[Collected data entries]
————————

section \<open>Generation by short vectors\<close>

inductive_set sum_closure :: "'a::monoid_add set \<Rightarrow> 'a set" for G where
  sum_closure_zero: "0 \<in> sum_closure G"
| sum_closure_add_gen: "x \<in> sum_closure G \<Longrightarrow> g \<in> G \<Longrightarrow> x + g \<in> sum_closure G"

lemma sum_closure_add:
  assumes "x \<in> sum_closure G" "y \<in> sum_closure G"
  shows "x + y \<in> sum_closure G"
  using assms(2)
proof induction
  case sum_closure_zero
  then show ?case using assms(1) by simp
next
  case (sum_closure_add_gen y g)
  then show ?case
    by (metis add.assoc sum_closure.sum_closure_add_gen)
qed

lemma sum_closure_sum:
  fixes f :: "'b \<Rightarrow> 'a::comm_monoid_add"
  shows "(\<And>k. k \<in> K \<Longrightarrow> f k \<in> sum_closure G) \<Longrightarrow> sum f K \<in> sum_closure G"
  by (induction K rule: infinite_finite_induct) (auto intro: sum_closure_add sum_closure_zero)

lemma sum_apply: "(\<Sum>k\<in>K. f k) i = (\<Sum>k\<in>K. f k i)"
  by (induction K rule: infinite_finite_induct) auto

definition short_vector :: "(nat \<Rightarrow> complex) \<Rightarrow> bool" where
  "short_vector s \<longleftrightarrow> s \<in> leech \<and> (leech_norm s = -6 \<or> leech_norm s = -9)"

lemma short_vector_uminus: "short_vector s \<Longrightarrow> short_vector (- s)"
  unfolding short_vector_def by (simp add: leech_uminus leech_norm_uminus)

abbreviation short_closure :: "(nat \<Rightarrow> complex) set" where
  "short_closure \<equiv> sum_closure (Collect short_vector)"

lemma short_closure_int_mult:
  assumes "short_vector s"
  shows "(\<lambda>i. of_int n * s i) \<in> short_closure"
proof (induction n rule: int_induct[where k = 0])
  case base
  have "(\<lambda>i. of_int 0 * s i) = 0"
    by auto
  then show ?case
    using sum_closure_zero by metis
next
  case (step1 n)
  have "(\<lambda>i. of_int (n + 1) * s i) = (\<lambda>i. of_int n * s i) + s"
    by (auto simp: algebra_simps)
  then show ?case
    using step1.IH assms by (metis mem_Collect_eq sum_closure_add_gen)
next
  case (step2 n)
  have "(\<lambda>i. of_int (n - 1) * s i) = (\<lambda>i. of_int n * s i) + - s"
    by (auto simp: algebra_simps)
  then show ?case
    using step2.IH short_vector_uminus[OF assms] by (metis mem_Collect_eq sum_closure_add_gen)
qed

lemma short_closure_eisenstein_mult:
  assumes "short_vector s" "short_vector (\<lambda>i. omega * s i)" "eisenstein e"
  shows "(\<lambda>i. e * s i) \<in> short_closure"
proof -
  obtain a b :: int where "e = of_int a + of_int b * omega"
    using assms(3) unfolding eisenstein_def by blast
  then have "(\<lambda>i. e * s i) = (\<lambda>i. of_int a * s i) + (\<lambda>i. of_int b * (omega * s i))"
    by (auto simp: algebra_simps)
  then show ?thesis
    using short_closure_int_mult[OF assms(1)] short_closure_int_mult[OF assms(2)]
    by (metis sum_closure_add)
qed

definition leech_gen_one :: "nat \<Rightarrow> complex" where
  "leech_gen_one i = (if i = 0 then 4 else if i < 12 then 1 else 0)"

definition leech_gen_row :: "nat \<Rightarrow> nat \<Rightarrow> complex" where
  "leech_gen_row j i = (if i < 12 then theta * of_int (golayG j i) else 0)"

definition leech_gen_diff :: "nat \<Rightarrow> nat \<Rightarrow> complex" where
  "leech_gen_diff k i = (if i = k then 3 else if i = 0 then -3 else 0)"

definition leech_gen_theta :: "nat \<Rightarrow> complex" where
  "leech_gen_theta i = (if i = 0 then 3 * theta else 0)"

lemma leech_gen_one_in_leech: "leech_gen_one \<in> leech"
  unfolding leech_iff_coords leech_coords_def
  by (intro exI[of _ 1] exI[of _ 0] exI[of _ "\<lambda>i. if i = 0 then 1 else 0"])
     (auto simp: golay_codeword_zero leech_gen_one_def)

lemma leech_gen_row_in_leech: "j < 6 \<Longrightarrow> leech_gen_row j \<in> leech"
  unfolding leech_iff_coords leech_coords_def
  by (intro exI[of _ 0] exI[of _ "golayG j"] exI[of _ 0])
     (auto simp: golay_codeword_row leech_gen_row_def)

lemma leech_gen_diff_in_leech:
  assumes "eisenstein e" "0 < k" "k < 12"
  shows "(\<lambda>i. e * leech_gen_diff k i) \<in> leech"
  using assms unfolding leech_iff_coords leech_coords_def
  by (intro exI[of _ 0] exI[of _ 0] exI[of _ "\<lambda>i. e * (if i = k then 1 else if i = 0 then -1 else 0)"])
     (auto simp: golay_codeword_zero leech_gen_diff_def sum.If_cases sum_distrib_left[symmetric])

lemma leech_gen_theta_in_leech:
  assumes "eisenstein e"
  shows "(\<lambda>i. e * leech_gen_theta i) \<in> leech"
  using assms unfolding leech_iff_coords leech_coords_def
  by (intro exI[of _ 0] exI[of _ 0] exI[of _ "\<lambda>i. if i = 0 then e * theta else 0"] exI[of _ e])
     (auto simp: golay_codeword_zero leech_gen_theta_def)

————————

ACTIVITY:
The answer must be the same records, repeated exactly and in full.

EXERCISE OUTPUT:
section \<open>Generation by short vectors\<close>

inductive_set sum_closure :: "'a::monoid_add set \<Rightarrow> 'a set" for G where
  sum_closure_zero: "0 \<in> sum_closure G"
| sum_closure_add_gen: "x \<in> sum_closure G \<Longrightarrow> g \<in> G \<Longrightarrow> x + g \<in> sum_closure G"

lemma sum_closure_add:
  assumes "x \<in> sum_closure G" "y \<in> sum_closure G"
  shows "x + y \<in> sum_closure G"
  using assms(2)
proof induction
  case sum_closure_zero
  then show ?case using assms(1) by simp
next
  case (sum_closure_add_gen y g)
  then show ?case
    by (metis add.assoc sum_closure.sum_closure_add_gen)
qed

lemma sum_closure_sum:
  fixes f :: "'b \<Rightarrow> 'a::comm_monoid_add"
  shows "(\<And>k. k \<in> K \<Longrightarrow> f k \<in> sum_closure G) \<Longrightarrow> sum f K \<in> sum_closure G"
  by (induction K rule: infinite_finite_induct) (auto intro: sum_closure_add sum_closure_zero)

lemma sum_apply: "(\<Sum>k\<in>K. f k) i = (\<Sum>k\<in>K. f k i)"
  by (induction K rule: infinite_finite_induct) auto

definition short_vector :: "(nat \<Rightarrow> complex) \<Rightarrow> bool" where
  "short_vector s \<longleftrightarrow> s \<in> leech \<and> (leech_norm s = -6 \<or> leech_norm s = -9)"

lemma short_vector_uminus: "short_vector s \<Longrightarrow> short_vector (- s)"
  unfolding short_vector_def by (simp add: leech_uminus leech_norm_uminus)

abbreviation short_closure :: "(nat \<Rightarrow> complex) set" where
  "short_closure \<equiv> sum_closure (Collect short_vector)"

lemma short_closure_int_mult:
  assumes "short_vector s"
  shows "(\<lambda>i. of_int n * s i) \<in> short_closure"
proof (induction n rule: int_induct[where k = 0])
  case base
  have "(\<lambda>i. of_int 0 * s i) = 0"
    by auto
  then show ?case
    using sum_closure_zero by metis
next
  case (step1 n)
  have "(\<lambda>i. of_int (n + 1) * s i) = (\<lambda>i. of_int n * s i) + s"
    by (auto simp: algebra_simps)
  then show ?case
    using step1.IH assms by (metis mem_Collect_eq sum_closure_add_gen)
next
  case (step2 n)
  have "(\<lambda>i. of_int (n - 1) * s i) = (\<lambda>i. of_int n * s i) + - s"
    by (auto simp: algebra_simps)
  then show ?case
    using step2.IH short_vector_uminus[OF assms] by (metis mem_Collect_eq sum_closure_add_gen)
qed

lemma short_closure_eisenstein_mult:
  assumes "short_vector s" "short_vector (\<lambda>i. omega * s i)" "eisenstein e"
  shows "(\<lambda>i. e * s i) \<in> short_closure"
proof -
  obtain a b :: int where "e = of_int a + of_int b * omega"
    using assms(3) unfolding eisenstein_def by blast
  then have "(\<lambda>i. e * s i) = (\<lambda>i. of_int a * s i) + (\<lambda>i. of_int b * (omega * s i))"
    by (auto simp: algebra_simps)
  then show ?thesis
    using short_closure_int_mult[OF assms(1)] short_closure_int_mult[OF assms(2)]
    by (metis sum_closure_add)
qed

definition leech_gen_one :: "nat \<Rightarrow> complex" where
  "leech_gen_one i = (if i = 0 then 4 else if i < 12 then 1 else 0)"

definition leech_gen_row :: "nat \<Rightarrow> nat \<Rightarrow> complex" where
  "leech_gen_row j i = (if i < 12 then theta * of_int (golayG j i) else 0)"

definition leech_gen_diff :: "nat \<Rightarrow> nat \<Rightarrow> complex" where
  "leech_gen_diff k i = (if i = k then 3 else if i = 0 then -3 else 0)"

definition leech_gen_theta :: "nat \<Rightarrow> complex" where
  "leech_gen_theta i = (if i = 0 then 3 * theta else 0)"

lemma leech_gen_one_in_leech: "leech_gen_one \<in> leech"
  unfolding leech_iff_coords leech_coords_def
  by (intro exI[of _ 1] exI[of _ 0] exI[of _ "\<lambda>i. if i = 0 then 1 else 0"])
     (auto simp: golay_codeword_zero leech_gen_one_def)

lemma leech_gen_row_in_leech: "j < 6 \<Longrightarrow> leech_gen_row j \<in> leech"
  unfolding leech_iff_coords leech_coords_def
  by (intro exI[of _ 0] exI[of _ "golayG j"] exI[of _ 0])
     (auto simp: golay_codeword_row leech_gen_row_def)

lemma leech_gen_diff_in_leech:
  assumes "eisenstein e" "0 < k" "k < 12"
  shows "(\<lambda>i. e * leech_gen_diff k i) \<in> leech"
  using assms unfolding leech_iff_coords leech_coords_def
  by (intro exI[of _ 0] exI[of _ 0] exI[of _ "\<lambda>i. e * (if i = k then 1 else if i = 0 then -1 else 0)"])
     (auto simp: golay_codeword_zero leech_gen_diff_def sum.If_cases sum_distrib_left[symmetric])

lemma leech_gen_theta_in_leech:
  assumes "eisenstein e"
  shows "(\<lambda>i. e * leech_gen_theta i) \<in> leech"
  using assms unfolding leech_iff_coords leech_coords_def
  by (intro exI[of _ 0] exI[of _ 0] exI[of _ "\<lambda>i. if i = 0 then e * theta else 0"] exI[of _ e])
     (auto simp: golay_codeword_zero leech_gen_theta_def)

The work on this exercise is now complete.